When calculating the histogram of grayness statistics, it was found that the distribution of CT grayness histograms of red sandstone specimens, from the first to the fifth layer, has a significant change. First, the overall trend of the grayness histogram from the first to the fifth layer is moving to the left, i.e., the overall grayness is decreasing, while the number of distributions with larger grayness levels from the first to the fifth layer is decreasing. The first, second, third and fourth layers all appear to be concentrated with high luminance, and their gray levels all show a trend of first decreasing and then increasing when they are greater than 200, but the fifth layer has an overall decreasing trend and no increasing trend. If the region with higher luminance is defined as the lossless region, it can be considered that from the first layer to the fifth layer, the lossless region is decreasing, and by the fifth layer most of the region has been eroded and the lossless region is significantly reduced. In order to further quantitatively describe the trend of the CT image, this paper extracts the seven basic features of the CT grayscale histogram in Figure 8, among which the average grayscale, standard deviation, third-order central moments, homogeneity, average amount of information, and maximum probability of grayscale level and other six features are the basic features of CT grayscale histograms, which can be used to express the basic information of the grayscale image and the overall distribution of the grayscale image. The characteristic parameters and calculation equations are shown in

Table 2. Equations for the calculation of characteristic parameters.

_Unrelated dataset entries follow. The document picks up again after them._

text \<open>Polarization with \<open>u + v\<close> and \<open>u + iv\<close>; the statement fails over \<open>\<real>\<close>.\<close>
lemma quadratic_form_eq_0_imp_zero:
  fixes M :: "'n::finite cmat"
  assumes q: "\<And>x. cinner (M *v x) x = 0"
  shows "M = 0"
proof -
  define B where "B = (\<lambda>u v. cinner (M *v u) v)"
  have Badd: "B (u + v) (u + v) = B u u + B u v + B v u + B v v" for u v
    unfolding B_def by (simp add: matrix_vector_right_distrib cinner_add_left cinner_add_right)
  have Bsc1: "B (c *s u) v = c * B u v" for c u v
    unfolding B_def by (simp add: cinner_scale_left matrix_vector_mult_smult)
  have Bsc2: "B u (c *s v) = cnj c * B u v" for c u v
    unfolding B_def by (simp add: cinner_scale_right)
  have ax: "B (axis a 1) (axis b 1) = M $ b $ a" for a b
    unfolding B_def cinner_def matrix_vector_mult_def axis_def by (simp add: if_distrib cong: if_cong)
  have q': "B x x = 0" for x unfolding B_def by (rule q)
  have "M $ i $ j = 0" for i j
  proof -
    let ?u = "axis j 1 :: complex^'n" and ?v = "axis i 1 :: complex^'n"
    have e1: "B ?u ?v + B ?v ?u = 0" using Badd[of ?u ?v] q'[of ?u] q'[of ?v] q'[of "?u + ?v"] by simp
    have "B ?u (\<i> *s ?v) + B (\<i> *s ?v) ?u = 0"
      using Badd[of ?u "\<i> *s ?v"] q'[of ?u] q'[of "\<i> *s ?v"] q'[of "?u + \<i> *s ?v"] by simp
    then have "- \<i> * B ?u ?v + \<i> * B ?v ?u = 0" unfolding Bsc1 Bsc2 by simp
    with e1 have "B ?u ?v = 0" by (simp add: algebra_simps)
    then show ?thesis unfolding ax .
  qed
  then show ?thesis by (simp add: vec_eq_iff)
qed

lemma self_adjoint_if_quadratic_form_real:
  fixes A :: "'n::finite cmat"
  assumes "\<And>x. Im (cinner (A *v x) x) = 0"
  shows "self_adjoint A"
proof -
  have "cinner ((A - adjoint_mat A) *v x) x = 0" for x
  proof -
    have "cinner (adjoint_mat A *v x) x = cinner x (A *v x)"
      using cinner_adjoint[of "adjoint_mat A" x x] by simp
    also have "\<dots> = cnj (cinner (A *v x) x)" by (simp add: cinner_cnj)
    also have "\<dots> = cinner (A *v x) x" using assms[of x] by (simp add: complex_eq_iff)
    finally show ?thesis by (simp add: quadratic_form_diff)
  qed
  then have "A - adjoint_mat A = 0" by (rule quadratic_form_eq_0_imp_zero)
  then show ?thesis unfolding self_adjoint_def by simp
qed

lemma le_mult_if_quadratic_nonneg:
  fixes a b m :: real
  assumes key: "\<And>r. 0 \<le> a - 2 * r * m + r\<^sup>2 * m * b" and b: "0 \<le> b"
  shows "m \<le> a * b"
proof (cases "b = 0")
  case True
  have "m \<le> 0"
  proof (rule ccontr)
    assume "\<not> m \<le> 0"
    then have "a - 2 * ((a + 1) / (2 * m)) * m \<ge> 0" "m > 0"
      using key[of "(a + 1) / (2 * m)"] True by simp_all
    then show False by simp
  qed
  then show ?thesis using True by simp
next
  case False
  with b have "b > 0" by simp
  with key[of "1 / b"] show ?thesis by (simp add: power2_eq_square field_simps)
qed

lemma cauchy_schwarz_positive_form:
  fixes B :: "'n::finite cmat"
  assumes sa: "self_adjoint B" and pos: "\<And>x. Re (cinner (B *v x) x) \<ge> 0"
  shows "(norm (cinner (B *v x) y))\<^sup>2 \<le> Re (cinner (B *v x) x) * Re (cinner (B *v y) y)"
proof -
  define s where "s = cinner (B *v x) y"
  define a where "a = Re (cinner (B *v x) x)"
  define b where "b = Re (cinner (B *v y) y)"
  define m where "m = (norm s)\<^sup>2"
  have syx: "cinner (B *v y) x = cnj s"
    unfolding s_def using cinner_adjoint[of B y x] sa by (simp add: cinner_cnj self_adjoint_def)
  have key: "a - 2 * r * m + r\<^sup>2 * m * b \<ge> 0" for r :: real
  proof -
    define c where "c = - (of_real r * s)"
    have sc: "s * cnj s = of_real m" unfolding m_def by (rule complex_norm_square[symmetric])
    have "cnj c * s = - of_real (r * m)" "c * cnj s = - of_real (r * m)"
      "c * cnj c = of_real (r\<^sup>2 * m)"
    proof -
      have "cnj c * s = - (of_real r * (s * cnj s))" "c * cnj s = - (of_real r * (s * cnj s))"
        "c * cnj c = of_real r * of_real r * (s * cnj s)"
        unfolding c_def by (simp_all add: algebra_simps)
      then show "cnj c * s = - of_real (r * m)" "c * cnj s = - of_real (r * m)"
        "c * cnj c = of_real (r\<^sup>2 * m)"
        unfolding sc by (simp_all add: power2_eq_square)
    qed
    moreover have "cinner (B *v (x + c *s y)) (x + c *s y) =
        cinner (B *v x) x + cnj c * s + c * cnj s + c * cnj c * cinner (B *v y) y"
      by (simp only: matrix_vector_right_distrib matrix_vector_mult_smult cinner_add_left cinner_add_right
          cinner_scale_left cinner_scale_right syx s_def[symmetric]) (simp add: algebra_simps)
    ultimately have "Re (cinner (B *v (x + c *s y)) (x + c *s y)) = a - 2 * r * m + r\<^sup>2 * m * b"
      unfolding a_def b_def by simp
    then show ?thesis using pos[of "x + c *s y"] by simp
  qed
  have "b \<ge> 0" unfolding b_def by (rule pos)
  with key have "m \<le> a * b" by (rule le_mult_if_quadratic_nonneg)
  then show ?thesis unfolding m_def s_def a_def b_def .
qed

lemma contraction_if_quadratic_form_le:
  fixes B :: "'n::finite cmat"
  assumes sa: "self_adjoint B" and pos: "\<And>x. Re (cinner (B *v x) x) \<ge> 0"
    and le: "\<And>x. Re (cinner (B *v x) x) \<le> (norm x)\<^sup>2"
  shows "contraction B"
  unfolding contraction_def op_norm_def
proof (rule onorm_le)
  fix x
  let ?y = "B *v x"
  have "norm (cinner (B *v x) ?y) = (norm ?y)\<^sup>2" unfolding cinner_self by (simp add: norm_power)
  then have "(norm ?y)\<^sup>2 * (norm ?y)\<^sup>2 = (norm (cinner (B *v x) ?y))\<^sup>2"
    by (simp add: power2_eq_square)
  also have "\<dots> \<le> Re (cinner (B *v x) x) * Re (cinner (B *v ?y) ?y)"
    by (rule cauchy_schwarz_positive_form[OF sa pos])
  also have "\<dots> \<le> (norm x)\<^sup>2 * (norm ?y)\<^sup>2"
    by (intro mult_mono le pos) auto
  finally have *: "(norm ?y)\<^sup>2 * (norm ?y)\<^sup>2 \<le> (norm x)\<^sup>2 * (norm ?y)\<^sup>2" .
  have "(norm ?y)\<^sup>2 \<le> (norm x)\<^sup>2"
  proof (cases "norm ?y = 0")
    case False
    then have "(norm ?y)\<^sup>2 > 0" by simp
    from mult_right_le_imp_le[OF * this] show ?thesis .
  qed simp
  then show "norm (B *v x) \<le> 1 * norm x" by (simp add: power2_le_iff_abs_le)
qed

section \<open>The Cayley transform\<close>

definition cayley :: "'n::finite cmat \<Rightarrow> 'n cmat" where
  "cayley P = (P + mat 1) ** matrix_inv (P - mat 1)"

lemma phi_op_eq_mexp_cayley: "phi_op t P = mexp (cscale (of_real t) (cayley P))"
  by (simp add: phi_op_def cayley_def)

lemma zeta_0 [simp]: "zeta 0 = -1"
  and zeta_half [simp]: "zeta (1/2) = -3"
  and zeta_neg_half [simp]: "zeta (-1/2) = -1/3"
  by (simp_all add: zeta_def field_simps)

lemma zeta_eq_on_disc:
  assumes "z \<in> ball 0 1"
  shows "zeta z = - ((1 + z) / (1 - z))"
proof -
  have "z \<noteq> 1" using assms by auto
  then show ?thesis by (simp add: zeta_def field_simps)
qed

lemma cayley_mat: "z \<noteq> 1 \<Longrightarrow> cayley (mat z :: 'n::finite cmat) = mat (zeta z)"
proof -
  assume "z \<noteq> 1"
  then have "matrix_inv (mat z - mat 1 :: 'n cmat) = mat (1 / (z - 1))"
    unfolding mat_diff_mat by (intro matrix_inv_unique) (simp_all add: mat_mult_mat)
  then show ?thesis by (simp add: cayley_def mat_add_mat mat_mult_mat zeta_def)
qed

lemma cayley_cayley:
  fixes P :: "'n::finite cmat"
  assumes inv: "invertible (P - mat 1)"
  shows "cayley (cayley P) = P"
proof -
  define V where "V = matrix_inv (P - mat 1)"
  have PV: "(P - mat 1) ** V = mat 1" "V ** (P - mat 1) = mat 1"
    unfolding V_def using matrix_inv_right[OF inv] matrix_inv_left[OF inv] by auto
  have "cayley P - mat 1 = (P + mat 1) ** V - (P - mat 1) ** V"
    unfolding cayley_def V_def PV[unfolded V_def] ..
  also have "\<dots> = ((P + mat 1) - (P - mat 1)) ** V" by (rule matrix_diff_rdistrib[symmetric])
  also have "(P + mat 1) - (P - mat 1) = cscale 2 (mat 1 :: 'n cmat)" by (simp add: vec_eq_iff)
  finally have minus: "cayley P - mat 1 = cscale 2 V" by (simp add: cscale_mult_left)
  have "cayley P + mat 1 = (P + mat 1) ** V + (P - mat 1) ** V"
    unfolding cayley_def V_def PV[unfolded V_def] ..
  also have "\<dots> = ((P + mat 1) + (P - mat 1)) ** V" by (rule matrix_add_rdistrib[symmetric])
  also have "(P + mat 1) + (P - mat 1) = cscale 2 P" by (simp add: vec_eq_iff)
  finally have plus: "cayley P + mat 1 = cscale 2 (P ** V)" by (simp add: cscale_mult_left)
  have "matrix_inv (cayley P - mat 1) = cscale (1/2) (P - mat 1)"
    unfolding minus
    by (intro matrix_inv_unique) (simp_all add: cscale_mult_left cscale_mult_right cscale_cscale PV)
  then have "cayley (cayley P) = cscale 2 (P ** V) ** cscale (1/2) (P - mat 1)"
    by (simp only: cayley_def[of "cayley P"] plus)
  also have "\<dots> = P ** (V ** (P - mat 1))"
    by (simp add: cscale_mult_left cscale_mult_right cscale_cscale matrix_mul_assoc)
  finally show ?thesis by (simp add: PV)
qed

text \<open>With \<open>y = (P - I)\<^sup>-\<^sup>1 x\<close>, the real part of \<open>\<langle>cayley P x, x\<rangle> = \<langle>Py + y, Py - y\<rangle>\<close> is
  \<open>|Py|\<^sup>2 - |y|\<^sup>2\<close>.\<close>
lemma cayley_dissipative:
  fixes P :: "'n::finite cmat"
  assumes nrm: "op_norm P \<le> 1" and inv: "invertible (P - mat 1)"
  shows "Re (cinner (cayley P *v x) x) \<le> 0"
proof -
  define y where "y = matrix_inv (P - mat 1) *v x"
  have "x = ((P - mat 1) ** matrix_inv (P - mat 1)) *v x" using matrix_inv_right[OF inv] by simp
  also have "\<dots> = (P - mat 1) *v y" unfolding y_def by (simp add: matrix_vector_mul_assoc)
  also have "\<dots> = P *v y - y" by (simp add: matrix_vector_mult_diff_rdistrib)
  finally have x: "x = P *v y - y" .
  have Fx: "cayley P *v x = P *v y + y"
    unfolding y_def cayley_def by (simp add: matrix_vector_mul_assoc[symmetric] matrix_vector_mult_add_rdistrib)
  have "Re (cinner (P *v y) y) = Re (cinner y (P *v y))"
    using arg_cong[OF cinner_cnj[of "P *v y" y], of Re] by simp
  then have "Re (cinner (P *v y + y) (P *v y - y)) = (norm (P *v y))\<^sup>2 - (norm y)\<^sup>2"
    by (simp add: cinner_add_left cinner_diff_right cinner_self)
  moreover have "norm (P *v y) \<le> onorm ((*v) P) * norm y"
    by (rule onorm[OF matrix_vector_mul_bounded_linear])
  then have "norm (P *v y) \<le> norm y"
    using nrm mult_right_mono[of "onorm ((*v) P)" 1 "norm y"] unfolding op_norm_def by simp
  then have "(norm (P *v y))\<^sup>2 \<le> (norm y)\<^sup>2" by (simp add: power_mono)
  ultimately show ?thesis using Fx x by simp
qed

Feature Name	Calculation Formula
Average gray level	$\mu =\sum p\left(i\right)$
Standard deviation	$\sigma =\sqrt{\sum {\left(1-\mu \right)}^{2}p\left(i\right)}$
Third-order central moment	$\sum {\left(1-\mu \right)}^{3}p\left(i\right)$
Homogeneity	$\sum {p\left(i\right)}^2$
Average message size	$-\sum p\left(i\right)\log \left\{p\left(i\right)\right\}$
Maximum probability gray level	$max\left\{i\mid p\left(i\right)\right\}$
Probability of a gray level greater than 200 (Pg > 200)	${\sum }_{i=200}^{254}p\left(i\right)$

.

The correlation between the CT grayscale images of red sandstone and its degradation degree was investigated based on these feature parameters, and the calculation results of the characteristic parameters are shown in

Table 3. Calculation results of characteristic parameters.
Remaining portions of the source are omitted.